* **WORK INSTRUCTIONS**: Whenever a line in the records below holds the string "define", include it in the count, and state the number alone.

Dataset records
****************************************

(* Let $k\ge 1$, $a_1,\dots,a_k,b_1,\dots,b_k,c_1,\dots,c_k\in\mathbb{C}$, and let $T(f)$ be the tridiagonal $k$-Toeplitz operator on $\ell^2(\mathbb{N})$ with symbol $f(z)=A_{-1}z^{-1}+A_0+A_1z$ (notation in the context). Assume that $\det f(z)$ does not vanish identically on the unit circle $\mathbb{T}$. Then at least one of the following holds: (i) $T(f)$ has trivial kernel; (ii) $T(f)$ has dense range; (iii) the leading $(k-1)\times(k-1)$ principal submatrix of $A_0$ has a nonzero kernel; in particular, there exists $z_0\in\mathbb{C}\cup\{\infty\}$ such that $\ker(z_0^{-1}A_{-1}+A_0)\cap\ker(A_1)\neq\{0\}$.
   Context: The tridiagonal $k$-Toeplitz operator $T(f)$ is the operator on $\ell^2(\mathbb{N})$ (indices $1,2,\dots$) given by the infinite matrix with entries $(i,i)=a_{p(i)}$, $(i,i+1)=b_{p(i)}$, $(i+1,i)=c_{p(i)}$, where $p(i)=((i-1)\bmod k)+1$, and all other entries zero. Equivalently it is the block Toeplitz operator with $k\times k$ blocks $A_0$ on the block diagonal, $A_{-1}$ on the block superdiagonal and $A_1$ on the block subdiagonal, where $A_0$ is the $k\times k$ tridiagonal matrix with diagonal $a_1,\dots,a_k$, superdiagonal $b_1,\dots,b_{k-1}$ and subdiagonal $c_1,\dots,c_{k-1}$; $A_{-1}$ has the single nonzero entry $b_k$ in position $(k,1)$; $A_1$ has the single nonzero entry $c_k$ in position $(1,k)$. The symbol is $f(z)=A_{-1}z^{-1}+A_0+A_1z$, i.e. $A_0$ with $c_kz$ added in position $(1,k)$ and $b_kz^{-1}$ added in position $(k,1)$ (for $k=1$, $f(z)=a_1+c_1z+b_1z^{-1}$). $\mathbb{T}=\{z\in\mathbb{C}:|z|=1\}$. *)

theory Defs
  imports Complex_Main "Jordan_Normal_Form.Determinant"
begin

text \<open>Conventions: indices are 0-based. The parameters a_1..a_k, b_1..b_k, c_1..c_k of the
paper are given as functions a b c :: nat => complex, with a j = a_(j+1) for j < k
(values at j >= k are irrelevant). Sequences in l2(N) are functions nat => complex,
the paper's index i corresponding to n = i - 1.\<close>

definition is_l2 :: "(nat \<Rightarrow> complex) \<Rightarrow> bool" where
  "is_l2 x \<longleftrightarrow> summable (\<lambda>n. (cmod (x n))\<^sup>2)"

definition l2_norm :: "(nat \<Rightarrow> complex) \<Rightarrow> real" where
  "l2_norm x = sqrt (\<Sum>n. (cmod (x n))\<^sup>2)"

definition ktoep_apply ::
  "nat \<Rightarrow> (nat \<Rightarrow> complex) \<Rightarrow> (nat \<Rightarrow> complex) \<Rightarrow> (nat \<Rightarrow> complex) \<Rightarrow> (nat \<Rightarrow> complex) \<Rightarrow> nat \<Rightarrow> complex"
  where
  "ktoep_apply k a b c x n =
     a (n mod k) * x n + b (n mod k) * x (Suc n)
     + (if n = 0 then 0 else c ((n - 1) mod k) * x (n - 1))"

definition A0 :: "nat \<Rightarrow> (nat \<Rightarrow> complex) \<Rightarrow> (nat \<Rightarrow> complex) \<Rightarrow> (nat \<Rightarrow> complex) \<Rightarrow> complex mat" where
  "A0 k a b c = mat k k (\<lambda>(i, j).
      (if i = j then a i else 0)
    + (if j = Suc i then b i else 0)
    + (if i = Suc j then c j else 0))"
(* Let $k\ge 4$ be even and let $G$ be the $k$-uniform sunflower, with Laplacian tensor $\mathcal L$. Then $G$ is odd-bipartite, and $\lambda(\mathcal L)$ is the unique root in the interval $(2,4)$ of the equation $(\mu-2)-\left(\frac{1}{\mu-1}\right)^{\frac{1}{k-1}}-\left(\frac{1}{\mu-1}\right)^{k-1}=0$.
   Context: A $k$-uniform hypergraph $G=(V,E)$ ($k\ge 3$) is a simple undirected hypergraph with vertex set $V=[n]$ and a nonempty edge set $E$ of $k$-element subsets of $V$; $d_i$ denotes the number of edges containing vertex $i$. The $k$-uniform sunflower has vertex set $\{i_{j,s}: j\in[k-1], s\in[k]\}\cup\{i_k\}$ (all distinct) and edges $\{i_{j,1},\ldots,i_{j,k}\}$ for $j\in[k-1]$ together with $\{i_{1,1},i_{2,1},\ldots,i_{k-1,1},i_k\}$. The Laplacian tensor is $\mathcal L=\mathcal D-\mathcal A$, where $\mathcal A$ is the order-$k$ dimension-$n$ tensor with $a_{i_1\ldots i_k}=\frac1{(k-1)!}$ if $\{i_1,\ldots,i_k\}\in E$ and $0$ otherwise, and $\mathcal D$ is diagonal with $d_{i\ldots i}=d_i$; thus $(\mathcal L\mathbf x^{k-1})_i=d_ix_i^{k-1}-\sum_{e\in E,\,i\in e}\prod_{s\in e\setminus\{i\}}x_s$. A real $\lambda$ is an H-eigenvalue of $\mathcal L$ if some $\mathbf x\in\mathbb R^n\setminus\{0\}$ satisfies $(\mathcal L\mathbf x^{k-1})_i=\lambda x_i^{k-1}$ for all $i$; $\lambda(\mathcal L)$ is the largest H-eigenvalue. For even $k$, $G$ is odd-bipartite if $V$ can be partitioned into two nonempty disjoint sets $V_1,V_2$ such that every edge meets $V_1$ in an odd number of vertices. *)

theory Defs
  imports "HOL-Analysis.Analysis"
begin

text \<open>Hypergraphs on vertex set [n] = {1..n}; edges are sets of vertices.
  Order-k tensors of dimension n are functions on index lists (length k, entries in [n]).\<close>

definition hdeg :: "nat set set \<Rightarrow> nat \<Rightarrow> nat" where
  "hdeg E i = card {e \<in> E. i \<in> e}"

definition adj_tensor :: "nat \<Rightarrow> nat set set \<Rightarrow> nat list \<Rightarrow> real" where
  "adj_tensor k E is = (if set is \<in> E then 1 / fact (k - 1) else 0)"

definition deg_tensor :: "nat \<Rightarrow> nat set set \<Rightarrow> nat list \<Rightarrow> real" where
  "deg_tensor k E is = (if is \<noteq> [] \<and> is = replicate k (hd is) then real (hdeg E (hd is)) else 0)"

definition lap_tensor :: "nat \<Rightarrow> nat set set \<Rightarrow> nat list \<Rightarrow> real" where
  "lap_tensor k E is = deg_tensor k E is - adj_tensor k E is"

definition tensor_apply :: "nat \<Rightarrow> nat \<Rightarrow> (nat list \<Rightarrow> real) \<Rightarrow> (nat \<Rightarrow> real) \<Rightarrow> nat \<Rightarrow> real" where
  "tensor_apply n k T x i =
     (\<Sum>is \<in> {is. set is \<subseteq> {1..n} \<and> length is = k - 1}. T (i # is) * prod_list (map x is))"

definition H_eigenvalue :: "nat \<Rightarrow> nat \<Rightarrow> (nat list \<Rightarrow> real) \<Rightarrow> real \<Rightarrow> bool" where
  "H_eigenvalue n k T lam \<longleftrightarrow>
     (\<exists>x :: nat \<Rightarrow> real. (\<exists>i \<in> {1..n}. x i \<noteq> 0) \<and>
        (\<forall>i \<in> {1..n}. tensor_apply n k T x i = lam * x i ^ (k - 1)))"

definition is_largest_H_eigenvalue :: "nat \<Rightarrow> nat \<Rightarrow> (nat list \<Rightarrow> real) \<Rightarrow> real \<Rightarrow> bool" where
  "is_largest_H_eigenvalue n k T lam \<longleftrightarrow>
     H_eigenvalue n k T lam \<and> (\<forall>mu. H_eigenvalue n k T mu \<longrightarrow> mu \<le> lam)"

definition odd_bipartite :: "nat \<Rightarrow> nat set set \<Rightarrow> bool" where
  "odd_bipartite n E \<longleftrightarrow>
     (\<exists>V1 V2. V1 \<noteq> {} \<and> V2 \<noteq> {} \<and> V1 \<inter> V2 = {} \<and> V1 \<union> V2 = {1..n} \<and>
        (\<forall>e \<in> E. odd (card (e \<inter> V1))))"

text \<open>k-uniform sunflower: i_{j,s} = (j-1)k + s (j in [k-1], s in [k]), i_k = (k-1)k+1.\<close>
definition sunflower_n :: "nat \<Rightarrow> nat" where
  "sunflower_n k = (k - 1) * k + 1"

definition sunflower_edges :: "nat \<Rightarrow> nat set set" where
  "sunflower_edges k =
     {{(j - 1) * k + s | s. s \<in> {1..k}} | j. j \<in> {1..k - 1}} \<union>
     {insert (sunflower_n k) {(j - 1) * k + 1 | j. j \<in> {1..k - 1}}}"

end

theory Submission
  imports Defs
begin
text \<open>A pair whose \<open>U\<close>-cluster meets \<open>W\<close> is charged to the cluster of a vertex \<open>w' \<in> W\<close>: a
  connected set through \<open>w'\<close> reaching \<open>U\<close>, hence of at least \<open>set_dist d W U / 2\<close> vertices.\<close>

lemma infsum_cluster_hits_le:
  assumes W: "finite W" and U: "finite U" and small: "site_activity \<le> (1/2) ^ (d + 4)"
  shows "infsum pair_weight {x \<in> Conf (ball d n) \<times> Conf (ball d n). cluster d \<omega>0 U x \<inter> W \<noteq> {}}
     \<le> real (card W) * (2 * (1/2) ^ set_dist d W U) * (infsum w (Conf (ball d n)))\<^sup>2"
proof -
  let ?L = "ball d n"
  let ?C = "Conf ?L"
  let ?Z = "infsum w ?C"
  have L: "?L \<subseteq> tree_V d" "finite ?L" using ball_subset_tree_V finite_ball by auto
  define \<T> where "\<T> w' = {T. T \<subseteq> ?L \<and> connected_from d w' T \<and> T \<inter> U \<noteq> {}}" for w'
  define Q where "Q = (\<lambda>(w', T). {x \<in> ?C \<times> ?C. cluster d \<omega>0 {w'} x = T})"
  define I where "I = Sigma W \<T>"
  have fin\<T>: "finite (\<T> w')" for w'
    by (rule finite_subset[of _ "Pow ?L"]) (use L in \<open>auto simp: \<T>_def\<close>)
  have finI: "finite I" unfolding I_def using W fin\<T> by auto
  have Q_summable: "pair_weight summable_on Q i" for i
    using pair_weight_summable[OF L] by (rule summable_on_subset_banach) (auto simp: Q_def split: prod.splits)
  have cover: "{x \<in> ?C \<times> ?C. cluster d \<omega>0 U x \<inter> W \<noteq> {}} \<subseteq> (\<Union>i\<in>I. Q i)"
  proof
    fix x assume x: "x \<in> {x \<in> ?C \<times> ?C. cluster d \<omega>0 U x \<inter> W \<noteq> {}}"
    then obtain w' where w': "w' \<in> W" "w' \<in> cluster d \<omega>0 U x" by auto
    then have "cluster d \<omega>0 {w'} x \<in> \<T> w'"
      using cluster_of_member[of x ?L w' U] x unfolding \<T>_def by auto
    then show "x \<in> (\<Union>i\<in>I. Q i)"
      using w'(1) x unfolding I_def Q_def by blast
  qed
  have UN: "pair_weight summable_on (\<Union>i\<in>I. Q i) \<and> infsum pair_weight (\<Union>i\<in>I. Q i) \<le> (\<Sum>i\<in>I. infsum pair_weight (Q i))"
    by (rule infsum_UN_le[OF finI pair_weight_nonneg]) (rule Q_summable)
  have "infsum pair_weight {x \<in> ?C \<times> ?C. cluster d \<omega>0 U x \<inter> W \<noteq> {}} \<le> infsum pair_weight (\<Union>i\<in>I. Q i)"
    using UN by (intro infsum_mono_set_nonneg[OF _ cover]) (auto simp: pair_weight_nonneg)
  also have "\<dots> \<le> (\<Sum>i\<in>I. infsum pair_weight (Q i))"
    using UN by blast
  also have "\<dots> \<le> (\<Sum>(w', T)\<in>I. ?Z\<^sup>2 * site_activity ^ card T)"
    by (rule sum_mono) (use infsum_cluster_eq_le[OF L] in \<open>auto simp: I_def \<T>_def Q_def mult.commute\<close>)
  also have "\<dots> = ?Z\<^sup>2 * (\<Sum>w'\<in>W. \<Sum>T\<in>\<T> w'. site_activity ^ card T)"
    unfolding I_def using W fin\<T> by (simp add: sum.Sigma[symmetric] sum_distrib_left)
  also have "\<dots> \<le> ?Z\<^sup>2 * (\<Sum>w'\<in>W. 2 * (1/2) ^ set_dist d W U)"
  proof (intro mult_left_mono sum_mono sum_connected_sets_le[OF site_activity_nonneg small])
    fix w' T assume "w' \<in> W" "T \<in> \<T> w'"
    then obtain u where u: "u \<in> T" "u \<in> U" and T: "T \<subseteq> ?L" "connected_from d w' T"
      unfolding \<T>_def by auto
    have "set_dist d W U \<le> gdist d w' u" by (rule set_dist_le_gdist[OF W U \<open>w' \<in> W\<close> u(2)])
    also have "\<dots> \<le> 2 * card T"
      by (rule gdist_le_card_connected[OF finite_subset[OF T(1) L(2)] T(2) u(1)])
    finally show "T \<subseteq> ?L \<and> connected_from d w' T \<and> set_dist d W U \<le> 2 * card T" using T by simp
  qed simp
  finally show ?thesis by (simp add: mult_ac)
qed

lemma finite_volume_covariance_le:
  assumes "finite W" "finite U" "A \<in> F_sets d W" "B \<in> F_sets d U"
    and small: "site_activity \<le> (1/2) ^ (d + 4)"
  shows "\<bar>gibbs_prob d p \<beta> \<omega>0 (ball d n) (A \<inter> B) - gibbs_prob d p \<beta> \<omega>0 (ball d n) A * gibbs_prob d p \<beta> \<omega>0 (ball d n) B\<bar>
     \<le> real (card W) * (2 * (1/2) ^ set_dist d W U)"
proof -
  let ?C = "Conf (ball d n)"
  let ?Z = "infsum w ?C"
  have L: "ball d n \<subseteq> tree_V d" "finite (ball d n)" using ball_subset_tree_V finite_ball by auto
  have Z: "?Z \<ge> 1" by (rule partition_function_ge_1[OF L])
  have "\<bar>infsum w (?C \<inter> (A \<inter> B)) * ?Z - infsum w (?C \<inter> A) * infsum w (?C \<inter> B)\<bar>
      \<le> real (card W) * (2 * (1/2) ^ set_dist d W U) * ?Z\<^sup>2"
    using covariance_le_cluster_hits[OF L assms(3,4)] infsum_cluster_hits_le[OF assms(1,2) small, of n]
    by linarith
  then show ?thesis
    using Z unfolding gibbs_prob_def
    by (simp add: field_simps power2_eq_square abs_div divide_le_eq)
qed

lemma covariance_le:
  assumes small: "site_activity \<le> (1/2) ^ (d + 4)"
    and limit: "\<forall>W A. finite W \<and> W \<subseteq> tree_V d \<and> A \<in> F_sets d W \<longrightarrow>
        (\<lambda>n. gibbs_prob d p \<beta> \<omega>0 (ball d n) A) \<longlonglongrightarrow> measure \<mu> A"
    and W: "finite W" "W \<subseteq> tree_V d" and U: "finite U" "U \<subseteq> tree_V d"
    and A: "A \<in> F_sets d W" and B: "B \<in> F_sets d U"
  shows "\<bar>measure \<mu> (A \<inter> B) - measure \<mu> A * measure \<mu> B\<bar>
     \<le> exp (2 * real (card W) * exp (- ln 2 * real (set_dist d W U))) - 1"
proof -
  let ?P = "\<lambda>A n. gibbs_prob d p \<beta> \<omega>0 (ball d n) A"
  let ?K = "2 * real (card W) * exp (- ln 2 * real (set_dist d W U))"
  have "(\<lambda>n. \<bar>?P (A \<inter> B) n - ?P A n * ?P B n\<bar>) \<longlonglongrightarrow> \<bar>measure \<mu> (A \<inter> B) - measure \<mu> A * measure \<mu> B\<bar>"
    using limit[rule_format, of "W \<union> U" "A \<inter> B"] limit[rule_format, of W A] limit[rule_format, of U B]
      W U A B F_sets_Int[OF A B] by (intro tendsto_intros) auto
  then have "\<bar>measure \<mu> (A \<inter> B) - measure \<mu> A * measure \<mu> B\<bar> \<le> real (card W) * (2 * (1/2) ^ set_dist d W U)"
    by (rule LIMSEQ_le_const2) (use finite_volume_covariance_le[OF W(1) U(1) A B small] in auto)
  also have "\<dots> = ?K"
  proof -
    have "exp (- ln 2 * real L) = (1/2::real) ^ L" for L
    proof -
      have "exp (- ln 2 * real L) = inverse (exp (real L * ln 2))"
        by (simp add: exp_minus[symmetric] mult.commute)
      also have "exp (real L * ln 2) = 2 ^ L" by (simp add: exp_of_nat_mult)
      finally show ?thesis by (simp add: power_one_over inverse_eq_divide)
    qed
    then show ?thesis by simp
  qed
  also have "?K \<le> exp ?K - 1"
    using exp_ge_add_one_self[of ?K] by linarith
  finally show ?thesis .
qed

****************************************

* **ANSWER**: 3